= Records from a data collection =
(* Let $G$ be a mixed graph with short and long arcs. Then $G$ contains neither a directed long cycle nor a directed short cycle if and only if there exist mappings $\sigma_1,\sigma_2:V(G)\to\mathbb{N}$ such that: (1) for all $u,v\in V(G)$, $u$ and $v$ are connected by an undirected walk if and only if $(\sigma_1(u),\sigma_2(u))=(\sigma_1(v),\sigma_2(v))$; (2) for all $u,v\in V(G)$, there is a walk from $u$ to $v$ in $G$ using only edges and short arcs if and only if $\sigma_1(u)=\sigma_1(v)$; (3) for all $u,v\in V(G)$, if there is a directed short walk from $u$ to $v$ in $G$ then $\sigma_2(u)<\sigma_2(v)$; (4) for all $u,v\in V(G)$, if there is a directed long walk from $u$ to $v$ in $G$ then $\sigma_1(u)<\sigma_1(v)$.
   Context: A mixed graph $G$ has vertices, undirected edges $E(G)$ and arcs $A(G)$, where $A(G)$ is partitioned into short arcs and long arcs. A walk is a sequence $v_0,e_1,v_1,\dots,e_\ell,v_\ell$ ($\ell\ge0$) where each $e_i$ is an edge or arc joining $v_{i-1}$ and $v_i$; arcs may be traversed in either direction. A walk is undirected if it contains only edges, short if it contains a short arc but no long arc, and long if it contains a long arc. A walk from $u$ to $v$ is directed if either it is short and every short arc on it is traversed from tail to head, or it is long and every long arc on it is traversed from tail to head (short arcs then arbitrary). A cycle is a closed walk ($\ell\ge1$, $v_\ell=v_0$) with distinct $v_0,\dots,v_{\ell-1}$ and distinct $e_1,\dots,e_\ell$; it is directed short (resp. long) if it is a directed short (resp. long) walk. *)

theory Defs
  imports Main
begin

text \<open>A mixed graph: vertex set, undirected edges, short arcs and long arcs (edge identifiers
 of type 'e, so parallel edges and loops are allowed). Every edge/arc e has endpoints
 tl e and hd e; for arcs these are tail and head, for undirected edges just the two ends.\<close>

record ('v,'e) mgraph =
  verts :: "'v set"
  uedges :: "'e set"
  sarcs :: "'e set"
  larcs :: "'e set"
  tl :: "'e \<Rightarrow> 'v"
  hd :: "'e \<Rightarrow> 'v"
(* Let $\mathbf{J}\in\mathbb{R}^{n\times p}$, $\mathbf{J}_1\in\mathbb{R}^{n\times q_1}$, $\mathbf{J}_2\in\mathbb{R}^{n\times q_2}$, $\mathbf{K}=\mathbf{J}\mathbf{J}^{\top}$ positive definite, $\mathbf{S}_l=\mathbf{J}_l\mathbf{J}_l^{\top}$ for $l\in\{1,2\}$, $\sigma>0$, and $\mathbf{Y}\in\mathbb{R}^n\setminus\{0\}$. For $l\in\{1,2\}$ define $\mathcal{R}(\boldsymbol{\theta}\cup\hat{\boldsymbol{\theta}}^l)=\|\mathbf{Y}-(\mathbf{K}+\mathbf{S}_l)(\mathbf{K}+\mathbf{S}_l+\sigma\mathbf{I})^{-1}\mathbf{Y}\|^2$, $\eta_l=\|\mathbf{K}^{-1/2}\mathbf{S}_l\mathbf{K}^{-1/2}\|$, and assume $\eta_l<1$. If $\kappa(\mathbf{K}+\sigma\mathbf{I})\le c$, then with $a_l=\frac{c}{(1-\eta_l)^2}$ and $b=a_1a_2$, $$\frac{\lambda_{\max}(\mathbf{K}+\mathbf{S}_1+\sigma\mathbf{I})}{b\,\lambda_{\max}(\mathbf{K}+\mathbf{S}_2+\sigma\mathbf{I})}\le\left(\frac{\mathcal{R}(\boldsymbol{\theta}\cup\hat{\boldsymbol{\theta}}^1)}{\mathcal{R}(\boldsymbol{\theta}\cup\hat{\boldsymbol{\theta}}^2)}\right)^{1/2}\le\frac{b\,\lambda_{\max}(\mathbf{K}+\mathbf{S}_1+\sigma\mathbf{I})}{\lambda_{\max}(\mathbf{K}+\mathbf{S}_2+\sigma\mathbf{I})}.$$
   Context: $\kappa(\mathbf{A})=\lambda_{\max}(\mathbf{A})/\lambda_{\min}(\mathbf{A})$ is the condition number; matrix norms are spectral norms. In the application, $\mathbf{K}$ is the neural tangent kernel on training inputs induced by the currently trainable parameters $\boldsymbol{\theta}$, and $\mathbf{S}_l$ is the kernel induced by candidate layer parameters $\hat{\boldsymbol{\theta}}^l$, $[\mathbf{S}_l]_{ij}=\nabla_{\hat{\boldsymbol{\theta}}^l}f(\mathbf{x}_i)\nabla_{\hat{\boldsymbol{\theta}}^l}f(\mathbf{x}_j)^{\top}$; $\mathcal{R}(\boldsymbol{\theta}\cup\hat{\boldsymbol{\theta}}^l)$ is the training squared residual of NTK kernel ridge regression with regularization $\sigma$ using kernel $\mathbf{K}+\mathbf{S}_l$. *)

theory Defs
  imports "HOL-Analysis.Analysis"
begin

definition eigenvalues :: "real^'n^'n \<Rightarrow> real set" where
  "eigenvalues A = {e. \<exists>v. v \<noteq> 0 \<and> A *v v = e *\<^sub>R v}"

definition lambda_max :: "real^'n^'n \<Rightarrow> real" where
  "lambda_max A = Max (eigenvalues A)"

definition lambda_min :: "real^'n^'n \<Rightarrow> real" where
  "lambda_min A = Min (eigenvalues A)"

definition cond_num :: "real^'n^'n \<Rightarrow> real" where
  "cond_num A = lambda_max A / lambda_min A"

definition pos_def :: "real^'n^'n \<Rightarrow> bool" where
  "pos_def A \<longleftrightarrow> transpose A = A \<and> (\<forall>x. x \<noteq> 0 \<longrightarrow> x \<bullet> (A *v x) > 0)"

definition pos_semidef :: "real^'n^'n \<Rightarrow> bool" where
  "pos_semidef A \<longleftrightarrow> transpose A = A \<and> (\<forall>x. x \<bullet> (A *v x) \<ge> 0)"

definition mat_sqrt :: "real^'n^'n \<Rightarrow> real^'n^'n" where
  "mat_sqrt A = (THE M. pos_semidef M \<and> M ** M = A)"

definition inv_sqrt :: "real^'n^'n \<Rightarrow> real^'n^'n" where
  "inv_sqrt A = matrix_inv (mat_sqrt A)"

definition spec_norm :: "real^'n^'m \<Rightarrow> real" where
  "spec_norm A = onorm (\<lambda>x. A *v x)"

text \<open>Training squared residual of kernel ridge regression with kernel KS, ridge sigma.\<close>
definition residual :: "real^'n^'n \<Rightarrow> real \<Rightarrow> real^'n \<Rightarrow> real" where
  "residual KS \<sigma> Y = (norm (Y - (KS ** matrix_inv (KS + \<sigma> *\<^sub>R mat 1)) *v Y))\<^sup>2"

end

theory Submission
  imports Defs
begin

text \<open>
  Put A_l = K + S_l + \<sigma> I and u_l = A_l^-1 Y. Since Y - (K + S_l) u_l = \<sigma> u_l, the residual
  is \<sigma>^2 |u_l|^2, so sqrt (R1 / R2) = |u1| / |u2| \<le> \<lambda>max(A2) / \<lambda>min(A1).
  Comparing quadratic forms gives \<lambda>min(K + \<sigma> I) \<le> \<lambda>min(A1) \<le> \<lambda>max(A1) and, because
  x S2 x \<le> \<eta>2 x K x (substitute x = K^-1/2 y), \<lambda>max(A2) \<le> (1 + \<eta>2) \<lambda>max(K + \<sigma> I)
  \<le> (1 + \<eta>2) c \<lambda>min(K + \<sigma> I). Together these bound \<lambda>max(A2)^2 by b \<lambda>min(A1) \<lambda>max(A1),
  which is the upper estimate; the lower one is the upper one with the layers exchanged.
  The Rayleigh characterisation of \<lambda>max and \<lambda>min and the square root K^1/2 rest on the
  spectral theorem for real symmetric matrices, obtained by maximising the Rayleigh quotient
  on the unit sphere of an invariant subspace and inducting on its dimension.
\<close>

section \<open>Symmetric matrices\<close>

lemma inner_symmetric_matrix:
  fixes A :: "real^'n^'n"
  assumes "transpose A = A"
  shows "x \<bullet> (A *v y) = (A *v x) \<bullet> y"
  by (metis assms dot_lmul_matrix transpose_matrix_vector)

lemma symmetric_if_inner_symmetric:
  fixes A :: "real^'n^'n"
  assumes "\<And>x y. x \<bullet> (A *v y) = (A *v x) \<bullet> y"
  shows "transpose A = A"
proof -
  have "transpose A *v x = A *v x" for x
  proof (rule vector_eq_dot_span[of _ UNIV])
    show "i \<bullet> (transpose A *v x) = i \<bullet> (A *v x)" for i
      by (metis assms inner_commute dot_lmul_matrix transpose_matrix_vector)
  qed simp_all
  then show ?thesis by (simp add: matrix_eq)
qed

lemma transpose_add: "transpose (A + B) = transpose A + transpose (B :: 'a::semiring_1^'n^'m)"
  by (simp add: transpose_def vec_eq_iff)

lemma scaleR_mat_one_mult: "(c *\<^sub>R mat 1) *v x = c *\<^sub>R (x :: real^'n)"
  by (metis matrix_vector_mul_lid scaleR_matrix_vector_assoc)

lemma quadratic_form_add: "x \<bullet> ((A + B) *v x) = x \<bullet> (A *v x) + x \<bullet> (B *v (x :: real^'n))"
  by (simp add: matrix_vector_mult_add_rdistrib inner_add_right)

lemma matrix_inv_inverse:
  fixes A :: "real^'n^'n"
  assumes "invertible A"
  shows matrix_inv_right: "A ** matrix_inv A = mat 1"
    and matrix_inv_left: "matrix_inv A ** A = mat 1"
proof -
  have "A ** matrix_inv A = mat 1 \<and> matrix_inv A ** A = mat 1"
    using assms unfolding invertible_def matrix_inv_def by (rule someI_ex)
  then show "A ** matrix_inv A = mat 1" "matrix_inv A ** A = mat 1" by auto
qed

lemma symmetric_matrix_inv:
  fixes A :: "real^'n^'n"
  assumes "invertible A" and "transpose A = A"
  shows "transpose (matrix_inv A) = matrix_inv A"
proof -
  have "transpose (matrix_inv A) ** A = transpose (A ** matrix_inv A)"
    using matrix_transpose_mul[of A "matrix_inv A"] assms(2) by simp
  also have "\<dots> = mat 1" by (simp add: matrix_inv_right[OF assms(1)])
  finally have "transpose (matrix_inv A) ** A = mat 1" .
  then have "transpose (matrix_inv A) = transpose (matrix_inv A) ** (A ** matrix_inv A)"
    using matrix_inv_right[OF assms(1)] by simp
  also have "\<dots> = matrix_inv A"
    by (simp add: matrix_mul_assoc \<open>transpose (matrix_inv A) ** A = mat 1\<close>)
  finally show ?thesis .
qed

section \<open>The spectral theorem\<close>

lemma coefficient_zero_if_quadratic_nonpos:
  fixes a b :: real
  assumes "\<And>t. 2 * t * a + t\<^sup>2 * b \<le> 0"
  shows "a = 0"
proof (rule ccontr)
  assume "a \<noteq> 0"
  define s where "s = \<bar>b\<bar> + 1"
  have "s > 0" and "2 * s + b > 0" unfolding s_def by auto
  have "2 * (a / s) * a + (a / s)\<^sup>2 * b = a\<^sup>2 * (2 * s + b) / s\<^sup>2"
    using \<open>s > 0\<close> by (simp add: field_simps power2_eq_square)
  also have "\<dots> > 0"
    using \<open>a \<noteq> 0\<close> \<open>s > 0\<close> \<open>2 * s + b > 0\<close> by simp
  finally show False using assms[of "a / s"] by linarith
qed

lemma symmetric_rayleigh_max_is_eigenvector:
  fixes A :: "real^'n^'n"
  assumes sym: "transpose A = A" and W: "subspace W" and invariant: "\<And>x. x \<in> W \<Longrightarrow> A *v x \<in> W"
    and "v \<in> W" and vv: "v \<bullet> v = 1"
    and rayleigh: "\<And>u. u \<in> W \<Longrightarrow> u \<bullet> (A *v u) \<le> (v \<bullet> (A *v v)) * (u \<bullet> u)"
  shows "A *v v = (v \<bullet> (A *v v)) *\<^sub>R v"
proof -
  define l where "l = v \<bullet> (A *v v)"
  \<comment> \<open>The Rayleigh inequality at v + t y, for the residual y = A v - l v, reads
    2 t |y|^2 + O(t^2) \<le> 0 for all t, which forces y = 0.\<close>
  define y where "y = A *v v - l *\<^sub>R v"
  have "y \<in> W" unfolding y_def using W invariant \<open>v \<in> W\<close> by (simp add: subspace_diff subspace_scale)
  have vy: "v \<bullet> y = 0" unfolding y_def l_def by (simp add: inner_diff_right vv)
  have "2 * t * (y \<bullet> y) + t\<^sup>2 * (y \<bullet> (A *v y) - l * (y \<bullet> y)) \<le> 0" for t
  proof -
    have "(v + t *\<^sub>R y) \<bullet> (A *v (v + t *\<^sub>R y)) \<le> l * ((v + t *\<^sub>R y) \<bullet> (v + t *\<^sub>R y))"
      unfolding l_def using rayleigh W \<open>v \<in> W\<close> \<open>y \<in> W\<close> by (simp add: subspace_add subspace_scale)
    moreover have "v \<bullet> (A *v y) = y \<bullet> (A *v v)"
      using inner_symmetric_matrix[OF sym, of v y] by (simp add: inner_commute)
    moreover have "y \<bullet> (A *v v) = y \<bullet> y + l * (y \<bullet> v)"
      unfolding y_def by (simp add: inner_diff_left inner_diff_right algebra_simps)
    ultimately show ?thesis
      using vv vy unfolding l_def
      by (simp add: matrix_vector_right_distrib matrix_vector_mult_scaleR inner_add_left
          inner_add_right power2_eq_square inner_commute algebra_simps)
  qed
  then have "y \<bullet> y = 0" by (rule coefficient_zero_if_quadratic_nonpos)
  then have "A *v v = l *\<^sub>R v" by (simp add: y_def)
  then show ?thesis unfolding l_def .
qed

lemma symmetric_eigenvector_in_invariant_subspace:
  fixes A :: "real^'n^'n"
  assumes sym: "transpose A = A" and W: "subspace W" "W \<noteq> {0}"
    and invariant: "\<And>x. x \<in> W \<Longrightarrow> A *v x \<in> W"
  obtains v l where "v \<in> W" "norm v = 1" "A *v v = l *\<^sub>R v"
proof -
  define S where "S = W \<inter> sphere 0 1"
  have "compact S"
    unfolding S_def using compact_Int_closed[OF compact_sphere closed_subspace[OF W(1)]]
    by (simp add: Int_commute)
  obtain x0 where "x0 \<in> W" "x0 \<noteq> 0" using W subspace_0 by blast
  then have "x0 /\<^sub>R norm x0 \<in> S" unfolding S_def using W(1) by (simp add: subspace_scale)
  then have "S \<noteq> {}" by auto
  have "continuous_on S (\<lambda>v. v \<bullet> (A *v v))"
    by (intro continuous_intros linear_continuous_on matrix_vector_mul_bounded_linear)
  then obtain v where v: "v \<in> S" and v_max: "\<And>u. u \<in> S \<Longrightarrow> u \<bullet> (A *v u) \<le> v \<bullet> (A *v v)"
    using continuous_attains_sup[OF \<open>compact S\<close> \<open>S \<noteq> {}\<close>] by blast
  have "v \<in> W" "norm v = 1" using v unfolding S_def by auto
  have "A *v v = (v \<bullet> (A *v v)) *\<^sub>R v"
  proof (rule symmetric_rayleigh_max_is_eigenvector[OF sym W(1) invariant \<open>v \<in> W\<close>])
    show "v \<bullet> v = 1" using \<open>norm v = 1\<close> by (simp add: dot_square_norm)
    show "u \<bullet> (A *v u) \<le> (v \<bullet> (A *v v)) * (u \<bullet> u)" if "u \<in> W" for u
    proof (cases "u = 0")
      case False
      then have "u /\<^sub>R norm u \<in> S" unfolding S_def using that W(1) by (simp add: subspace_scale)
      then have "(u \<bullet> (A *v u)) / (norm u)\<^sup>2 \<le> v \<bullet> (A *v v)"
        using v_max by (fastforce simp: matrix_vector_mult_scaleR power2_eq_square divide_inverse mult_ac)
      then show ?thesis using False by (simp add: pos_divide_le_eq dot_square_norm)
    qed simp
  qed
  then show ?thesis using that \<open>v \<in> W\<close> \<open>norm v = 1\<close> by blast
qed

= TASK DIRECTIONS =
Copy task for the entries above: every line with the string "metis".

= RESPONSE FOR THIS EXERCISE =
  by (metis assms dot_lmul_matrix transpose_matrix_vector)
      by (metis assms inner_commute dot_lmul_matrix transpose_matrix_vector)
  by (metis matrix_vector_mul_lid scaleR_matrix_vector_assoc)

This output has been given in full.